Scottie describes Rove, not Libby, initiating the meeting, which suggests that if Scottie McC is correct and they were comparing notes, it would be about something Rove knew and not Libby. If I had to guess, I’d say one or several of the following was the subject of the meeting.
- Luskin’s upcoming plan to claim he found the Rove-Hadley email after having "learned" from Viveca Novak that Rove did have a Matt Cooper problem. It would have been important for Rove to alert Libby to this plan if this email was not what it appeared to be or if there had been a concerted effort to destroy incriminating emails. Which, of course, there appears to have been.
- Either the news that Richard Armitage was Novak’s "source" and/or Rove’s plan (implemented the night before the indictment) to smoke Armitage out by pushing Woodward to reveal he had received a leak from Armitage. Don’t forget Woodward’s comment, suggesting he told Rove himself that Armitage had leaked to him: "Well, you talk to people, you talk to somebody in the White House or the CIA or the Democratic Party, and you say, ‘I’ve heard or I understand; what are you hearing?’ And one of the discoveries in all of this is that reporters, in asking questions, convey information to even somebody like Karl Rove."

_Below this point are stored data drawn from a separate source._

lemma gen_subgroup_mono: "S \<subseteq> T \<Longrightarrow> gen_subgroup S \<subseteq> gen_subgroup T"
  unfolding gen_subgroup_eq by auto

lemma gen_subgroup_uminus: "gen_subgroup {- g} = gen_subgroup {g}"
proof -
  have "gen_subgroup {- h} \<subseteq> gen_subgroup {h}" for h :: 'a
    using subgroup_uminus[OF is_subgroup_gen_subgroup] gen_subgroup_superset
    by (intro gen_subgroup_least is_subgroup_gen_subgroup) blast
  from this[of g] this[of "- g"] show ?thesis
    by simp
qed

lemma set_plus_singleton: "A + {b} = (\<lambda>x. x + b) ` A"
  unfolding set_plus_def by auto

lemma mem_set_plus_singleton:
  fixes x b :: "'a::ab_group_add"
  shows "x \<in> A + {b} \<longleftrightarrow> x - b \<in> A"
proof
  assume "x - b \<in> A"
  then have "(x - b) + b \<in> A + {b}"
    by (rule set_plus_intro) simp
  then show "x \<in> A + {b}"
    by simp
qed (auto simp: set_plus_singleton)

lemma set_plus_subset_subgroup:
  "is_subgroup H \<Longrightarrow> A \<subseteq> H \<Longrightarrow> B \<subseteq> H \<Longrightarrow> A + B \<subseteq> H"
  by (auto elim!: set_plus_elim intro: subgroup_add)

lemma subgroup_plus_mem:
  assumes "is_subgroup K" "k \<in> K"
  shows "K + {k} = K"
proof (intro set_eqI iffI)
  fix x assume "x \<in> K + {k}"
  then have "(x - k) + k \<in> K"
    using assms by (intro subgroup_add) (simp_all add: mem_set_plus_singleton)
  then show "x \<in> K"
    by simp
next
  fix x assume "x \<in> K"
  then show "x \<in> K + {k}"
    using assms by (simp add: mem_set_plus_singleton subgroup_diff)
qed

lemma zero_in_subgroup_plus: "is_subgroup K \<Longrightarrow> 0 \<in> B \<Longrightarrow> 0 \<in> K + B"
  using set_plus_intro[OF subgroup_zero] by fastforce

lemma set_plus_subgroup_diff:
  assumes "is_subgroup K" "x \<in> K + B" "y \<in> K + B"
    and "\<And>b b'. b \<in> B \<Longrightarrow> b' \<in> B \<Longrightarrow> b - b' \<in> D"
  shows "x - y \<in> K + D"
proof -
  obtain k b k' b' where "x = k + b" "y = k' + b'" "k \<in> K" "k' \<in> K" "b \<in> B" "b' \<in> B"
    using assms(2,3) by (auto elim!: set_plus_elim)
  then have "x - y = (k - k') + (b - b')" "k - k' \<in> K" "b - b' \<in> D"
    using assms(1,4) subgroup_diff by (auto simp: algebra_simps)
  then show ?thesis by auto
qed

subsection \<open>Incompressibility from a cover by difference-closed pieces\<close>

lemma indiv_incompressible_mono:
  "indiv_incompressible C Y \<Longrightarrow> C \<le> D \<Longrightarrow> indiv_incompressible D Y"
  unfolding indiv_incompressible_def using order_trans by blast

lemma indiv_incompressible_if_cover:
  fixes Y :: "'a::ab_group_add set"
  assumes "finite Y" "0 \<in> Y" and cover: "Y \<subseteq> \<Union>\<P>" "finite \<P>" "card \<P> \<le> C"
    and diff: "\<And>P x y. P \<in> \<P> \<Longrightarrow> x \<in> P \<Longrightarrow> y \<in> P \<Longrightarrow> x - y \<in> Y"
  shows "indiv_incompressible C Y"
  unfolding indiv_incompressible_def
proof (intro conjI assms(1,2) allI impI)
  fix f :: "nat \<Rightarrow> 'a" and I
  assume fresh: "\<forall>i\<in>{1..I}. f i \<notin> (\<Union>j\<in>{1..<i}. translate Y (f j))"
  let ?S = "{i\<in>{1..I}. 0 \<in> translate Y (f i)}"
  have "\<forall>i\<in>?S. \<exists>P\<in>\<P>. - f i \<in> P"
    using cover(1) unfolding translate_def by (auto simp: add_eq_0_iff2)
  then obtain \<phi> where \<phi>: "\<And>i. i \<in> ?S \<Longrightarrow> \<phi> i \<in> \<P> \<and> - f i \<in> \<phi> i"
    by (metis (no_types, lifting))
  have separated: "\<phi> i \<noteq> \<phi> j" if "i \<in> ?S" "j \<in> ?S" "i < j" for i j
  proof
    assume "\<phi> i = \<phi> j"
    then have "- f i - - f j \<in> Y"
      using \<phi>[OF that(1)] \<phi>[OF that(2)] \<open>\<phi> i = \<phi> j\<close> by (intro diff[of "\<phi> i"]) auto
    then have "f j \<in> translate Y (f i)"
      unfolding translate_def by (rule rev_image_eqI) simp
    with fresh that show False by auto
  qed
  have "inj_on \<phi> ?S"
  proof (rule inj_onI, rule ccontr)
    fix i j assume "i \<in> ?S" "j \<in> ?S" "\<phi> i = \<phi> j" "i \<noteq> j"
    then show False
      using separated[of i j] separated[of j i] by (auto simp: linorder_neq_iff)
  qed
  then have "card ?S = card (\<phi> ` ?S)"
    by (simp add: card_image)
  also have "\<dots> \<le> card \<P>"
    using \<phi> cover(2) by (intro card_mono) auto
  finally show "card ?S \<le> C"
    using cover(3) by linarith
qed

- Rove’s recognition that he would have to testify again–making it more likely that Fitzgerald would learn more about the July 9, 2003 Libby-Novak conversation that both men had tried to hide. In particular, depending on how Rove testified in October 2005, Rove might have made it clearer to Fitzgerald that Libby had–at a minimum–leaked the still-classified CIA report on Joe Wilson’s trip to Novak during that conversation.
- Update: This was also the period when (presumably) Rove was spreading a false story about Ari Fleischer being a big source here. I can imagine why he might want to clue Libby in on that smear–and Libby did try to use it in his defense.
In Libby’s trial, Patrick Fitzgerald presented a good deal of evidence to suggest that Libby and Cheney met several times in October 2003 to get their story straight. It takes no great leap of imagination to believe that everyone involved in leaking Valerie’s identity was doing so repeatedly.
And there are several reasons why Rove might have felt the need to compare stories with Scooter Libby in July 2005.